Train your machine learning models across multiple machines with heterogeneous hardware. Works with GPUs, CPUs, and Apple Silicon all at once.
Sometimes you have a bunch of computers lying around with different specs. Maybe some have GPUs, some don't, some are Macs with M4 chips. This framework lets you use all of them together for training without much hassle.
It handles the coordination between machines, keeps track of gradients, and makes sure everyone stays in sync. Built on Ray so it's pretty solid.
Here's how to train a simple model across your machines:
import torch
import torch.nn as nn
from distributed_hetero_ml import DistributedTrainer, TrainingConfig
# Define your model
class SimpleModel(nn.Module):
def __init__(self):
super().__init__()
self.fc = nn.Linear(10, 2)
def forward(self, x):
return self.fc(x)
# Create a model factory
class MyModelFactory:
def create_model(self):
return SimpleModel()
def create_optimizer(self, model, config):
return torch.optim.Adam(model.parameters(), lr=config.learning_rate)
def create_criterion(self):
return nn.CrossEntropyLoss()
# Create a data loader
class MyDataLoader:
def get_batch(self, batch_size, device):
# Your data loading logic here
x = torch.randn(batch_size, 10).to(device)
y = torch.randint(0, 2, (batch_size,)).to(device)
return x, y
def get_dataset_size(self):
return 1000
# Set up training
config = TrainingConfig(
batch_size=32,
learning_rate=0.001,
num_gpu_workers=2,
num_cpu_workers=1
)
trainer = DistributedTrainer(
model_factory=MyModelFactory(),
data_loader=MyDataLoader(),
config=config
)
# Train the model
results = trainer.train(num_iterations=100)
If you just want to get something running quickly:
from distributed_hetero_ml import quick_start
# This figures out your hardware and sets reasonable defaults
trainer = quick_start(
model_factory=MyModelFactory(),
data_loader=MyDataLoader(),
num_iterations=50
)
results = trainer.train()
Connect to a Ray cluster running on other machines:
trainer = DistributedTrainer(
model_factory=MyModelFactory(),
data_loader=MyDataLoader(),
config=config,
cluster_address="ray://head-node-ip:10001"
)
Save your progress so you don't lose everything:
# Save a checkpoint
trainer.save_checkpoint("my_model_checkpoint.pt")
# Load it back later
trainer.load_checkpoint("my_model_checkpoint.pt")
# Or save automatically during training
trainer.train(
num_iterations=100,
checkpoint_path="auto_checkpoint"
)
Clean up resources automatically:
with DistributedTrainer(model_factory, data_loader, config) as trainer:
results = trainer.train(num_iterations=100)
trainer.save_checkpoint("final_model.pt")
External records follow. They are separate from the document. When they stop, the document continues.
lemma halfspace_in_sigma_dyadic_subcubes:
  assumes R: "R \<in> dyadic d" and i: "i < d"
  shows "{x \<in> Rd d. x i < a} \<inter> R \<in> sigma_sets R (dyadic_subcubes d R)"
proof -
  let ?F = "{Q \<in> dyadic_subcubes d R. Q \<subseteq> {x. x i < a}}"
  have "{x \<in> Rd d. x i < a} \<inter> R \<subseteq> \<Union>?F"
  proof
    fix x assume x: "x \<in> {x \<in> Rd d. x i < a} \<inter> R"
    then have xS: "x \<in> Rd d" and xi: "x i < a" and xR: "x \<in> R" by auto
    obtain j where j: "R = dcube_at d j x" using dyadic_eq_dcube_at[OF R xR] by blast
    obtain n :: nat where n: "1 / (a - x i) < 2 ^ n" using real_arch_pow[of 2 "1 / (a - x i)"] by auto
    define k where "k = max j (int n)"
    have "2 powr real n \<le> 2 powr real_of_int k" unfolding k_def by (intro powr_mono) auto
    then have "1 / (a - x i) < 2 powr real_of_int k" using n by (simp add: powr_realpow)
    then have small: "1 / 2 powr real_of_int k < a - x i" using xi by (simp add: field_simps)
    have "dcube_at d k x \<subseteq> {x. x i < a}"
    proof
      fix y assume "y \<in> dcube_at d k x"
      then have "\<lfloor>2 powr real_of_int k * y i\<rfloor> = \<lfloor>2 powr real_of_int k * x i\<rfloor>"
        using i unfolding mem_dcube_at by auto
      then have "2 powr real_of_int k * y i < 2 powr real_of_int k * x i + 1" by linarith
      then have "y i < x i + 1 / 2 powr real_of_int k" by (simp add: field_simps)
      then show "y \<in> {x. x i < a}" using small by simp
    qed
    moreover have "dcube_at d k x \<subseteq> R" unfolding j k_def by (rule dcube_at_antimono) simp
    ultimately have "dcube_at d k x \<in> ?F"
      using dcube_at_dyadic[OF xS] unfolding dyadic_subcubes_def by auto
    then show "x \<in> \<Union>?F" using dcube_at_self[OF xS] by blast
  qed
  moreover have "\<Union>?F \<subseteq> {x \<in> Rd d. x i < a} \<inter> R"
    using R dyadic_subset_Rd unfolding dyadic_subcubes_def by auto
  ultimately have eq: "{x \<in> Rd d. x i < a} \<inter> R = \<Union>?F" by (rule subset_antisym)
  have "countable ?F" by (rule countable_subset[OF _ countable_dyadic_subcubes]) blast
  moreover have "?F \<subseteq> sigma_sets R (dyadic_subcubes d R)" by blast
  ultimately show ?thesis
    unfolding eq by (rule sigma_algebra.countable_Union[OF sigma_algebra_sigma_sets[OF dyadic_subcubes_Pow]])
qed

lemma coordinate_set_in_sigma_dyadic_subcubes:
  assumes R: "R \<in> dyadic d" and i: "i < d" and A: "A \<in> sets borel"
  shows "{x \<in> Rd d. x i \<in> A} \<inter> R \<in> sigma_sets R (dyadic_subcubes d R)"
proof -
  have "A \<in> sigma_sets UNIV (range lessThan)"
    using A unfolding borel_Iio by (simp add: sets_measure_of)
  then show ?thesis
  proof induction
    case (Basic a)
    then show ?case using halfspace_in_sigma_dyadic_subcubes[OF R i] by auto
  next
    case (Compl a)
    have "{x \<in> Rd d. x i \<in> UNIV - a} \<inter> R = R - ({x \<in> Rd d. x i \<in> a} \<inter> R)"
      using dyadic_subset_Rd[OF R] by auto
    then show ?case using Compl.IH by (simp add: sigma_sets.Compl)
  next
    case (Union a)
    have "{x \<in> Rd d. x i \<in> \<Union>(range a)} \<inter> R = (\<Union>j. {x \<in> Rd d. x i \<in> a j} \<inter> R)" by auto
    then show ?case using sigma_sets.Union[OF Union.IH] by simp
  qed (simp add: sigma_sets.Empty)
qed

lemma sets_Int_in_sigma_dyadic_subcubes:
  assumes R: "R \<in> dyadic d" and B: "B \<in> sets (\<Pi>\<^sub>M i\<in>{..<d}. (borel :: real measure))"
  shows "B \<inter> R \<in> sigma_sets R (dyadic_subcubes d R)"
proof -
  have "B \<in> sigma_sets (Rd d) {{x \<in> Rd d. x i \<in> A} |i A. i \<in> {..<d} \<and> A \<in> sets borel}"
    using B unfolding sets_PiM_single by (simp add: space_PiM)
  then show ?thesis
  proof induction
    case (Basic a)
    then show ?case using coordinate_set_in_sigma_dyadic_subcubes[OF R] by auto
  next
    case (Compl a)
    have "(Rd d - a) \<inter> R = R - (a \<inter> R)" using dyadic_subset_Rd[OF R] by auto
    then show ?case using Compl.IH by (simp add: sigma_sets.Compl)
  next
    case (Union a)
    have "\<Union>(range a) \<inter> R = (\<Union>j. a j \<inter> R)" by auto
    then show ?case using sigma_sets.Union[OF Union.IH] by simp
  qed (simp add: sigma_sets.Empty)
qed

lemma outer_approximable_dyadic_subcubes:
  assumes M: "sets M = sets (\<Pi>\<^sub>M i\<in>{..<d}. (borel :: real measure))" and d: "0 < d"
    and R: "R \<in> dyadic d" "emeasure M R < \<infinity>" and B: "B \<in> sets M" "B \<subseteq> R"
  shows "outer_approximable M (dyadic_subcubes d R) B"
proof -
  have "B \<inter> R \<in> sigma_sets R (dyadic_subcubes d R)"
    using sets_Int_in_sigma_dyadic_subcubes[OF R(1)] B(1) M by simp
  moreover have "dyadic_subcubes d R \<subseteq> sets M"
    using sets_dyadic[OF M] unfolding dyadic_subcubes_def by auto
  moreover have "R \<in> countable_unions (dyadic_subcubes d R)"
    using R(1) by (simp add: countable_unions_single dyadic_subcubes_def)
  ultimately show ?thesis
    using outer_approximable_sigma_sets[OF Int_stable_dyadic_subcubes dyadic_subcubes_Pow _ _ R(2)]
      Diff_dyadic_subcube[OF d R(1)] B(2) by (simp add: Int_absorb2)
qed

text \<open>Inside R a dyadic cube lies below only finitely many others, so maximal members exist.\<close>

lemma maximal_dyadic_subcubes:
  assumes d: "0 < d" and R: "R \<in> dyadic d" and F: "F \<subseteq> dyadic d" "\<And>Q. Q \<in> F \<Longrightarrow> Q \<subseteq> R"
  defines "F' \<equiv> {Q \<in> F. \<forall>Q'\<in>F. Q \<subseteq> Q' \<longrightarrow> Q' = Q}"
  shows "\<Union>F' = \<Union>F" and "disjoint F'"
proof -
  have "x \<in> \<Union>F'" if Q: "Q \<in> F" "x \<in> Q" for Q x
  proof -
    let ?S = "{Q' \<in> F. Q \<subseteq> Q'}"
    have "?S \<subseteq> {Q' \<in> dyadic d. Q \<subseteq> Q' \<and> Q' \<subseteq> R}" using F by blast
    moreover have "finite {Q' \<in> dyadic d. Q \<subseteq> Q' \<and> Q' \<subseteq> R}"
      using Q(1) F by (intro finite_dyadic_between[OF d _ R]) auto
    ultimately have "finite ?S" by (rule finite_subset)
    moreover have "?S \<noteq> {}" using Q(1) by blast
    ultimately obtain m where m: "m \<in> ?S" "\<forall>b\<in>?S. m \<le> b \<longrightarrow> m = b"
      by (rule finite_has_maximal[THEN bexE])
    then have "m \<in> F'" unfolding F'_def by auto
    then show ?thesis using m(1) Q(2) by blast
  qed
  then show "\<Union>F' = \<Union>F" unfolding F'_def by blast
  show "disjoint F'"
  proof (rule disjointI)
    fix Q Q' assume "Q \<in> F'" "Q' \<in> F'" "Q \<noteq> Q'"
    then show "Q \<inter> Q' = {}"
      using dyadic_nested_or_disjoint[of Q d Q'] F(1) unfolding F'_def by blast
  qed
qed

lemma disjoint_dyadic_cover:
  assumes d: "0 < d" and R: "R \<in> dyadic d"
    and U: "U \<in> countable_unions (dyadic_subcubes d R)" and A: "A \<subseteq> U"
  obtains F where "countable F" "disjoint F" "F \<subseteq> dyadic d" "A \<subseteq> \<Union>F" "\<Union>F \<subseteq> U"
    "\<And>Q. Q \<in> F \<Longrightarrow> Q \<inter> A \<noteq> {}"
proof -
  obtain F where F: "U = \<Union>F" "countable F" "F \<subseteq> dyadic_subcubes d R"
    using U unfolding countable_unions_def by blast
  define F1 where "F1 = {Q \<in> F. Q \<inter> A \<noteq> {}}"
  define F2 where "F2 = {Q \<in> F1. \<forall>Q'\<in>F1. Q \<subseteq> Q' \<longrightarrow> Q' = Q}"
  have F1: "F1 \<subseteq> dyadic d" "\<And>Q. Q \<in> F1 \<Longrightarrow> Q \<subseteq> R"
    using F(3) unfolding F1_def dyadic_subcubes_def by auto
  have F2: "\<Union>F2 = \<Union>F1" "disjoint F2" "F2 \<subseteq> F1"
    using maximal_dyadic_subcubes[OF d R F1] unfolding F2_def by auto
  show ?thesis
  proof (rule that)
    show "countable F2" using F(2) F2(3) unfolding F1_def by (auto intro: countable_subset)
    show "A \<subseteq> \<Union>F2" using A F(1) unfolding F2(1) F1_def by blast
    show "\<Union>F2 \<subseteq> U" using F(1) F2(3) unfolding F1_def by blast
    show "\<And>Q. Q \<in> F2 \<Longrightarrow> Q \<inter> A \<noteq> {}" using F2(3) unfolding F1_def by blast
  qed (use F1(1) F2(2,3) in auto)
qed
- NVIDIA GPUs: Uses CUDA, supports mixed precision training
- Apple Silicon: Uses MPS backend for Apple silicon chips
- CPUs: Falls back to CPU training when no accelerators available
- Mixed setups: Combines different hardware types in the same training run
The framework automatically detects what you have and configures itself accordingly.
config = TrainingConfig(
batch_size=64,
learning_rate=0.01,
num_epochs=10,
gradient_clipping=1.0,
use_mixed_precision=True,
checkpoint_interval=100,
num_gpu_workers=2,
num_cpu_workers=1,
cpus_per_worker=2,
gpus_per_worker=1
)
- Python 3.13.7+
- PyTorch 2.7+
- Ray 2.47+
- NumPy 2.3+
Found a bug? Have an idea? Open an issue or send a PR. The codebase is pretty straightforward to navigate.
MIT License. Do whatever you want with it.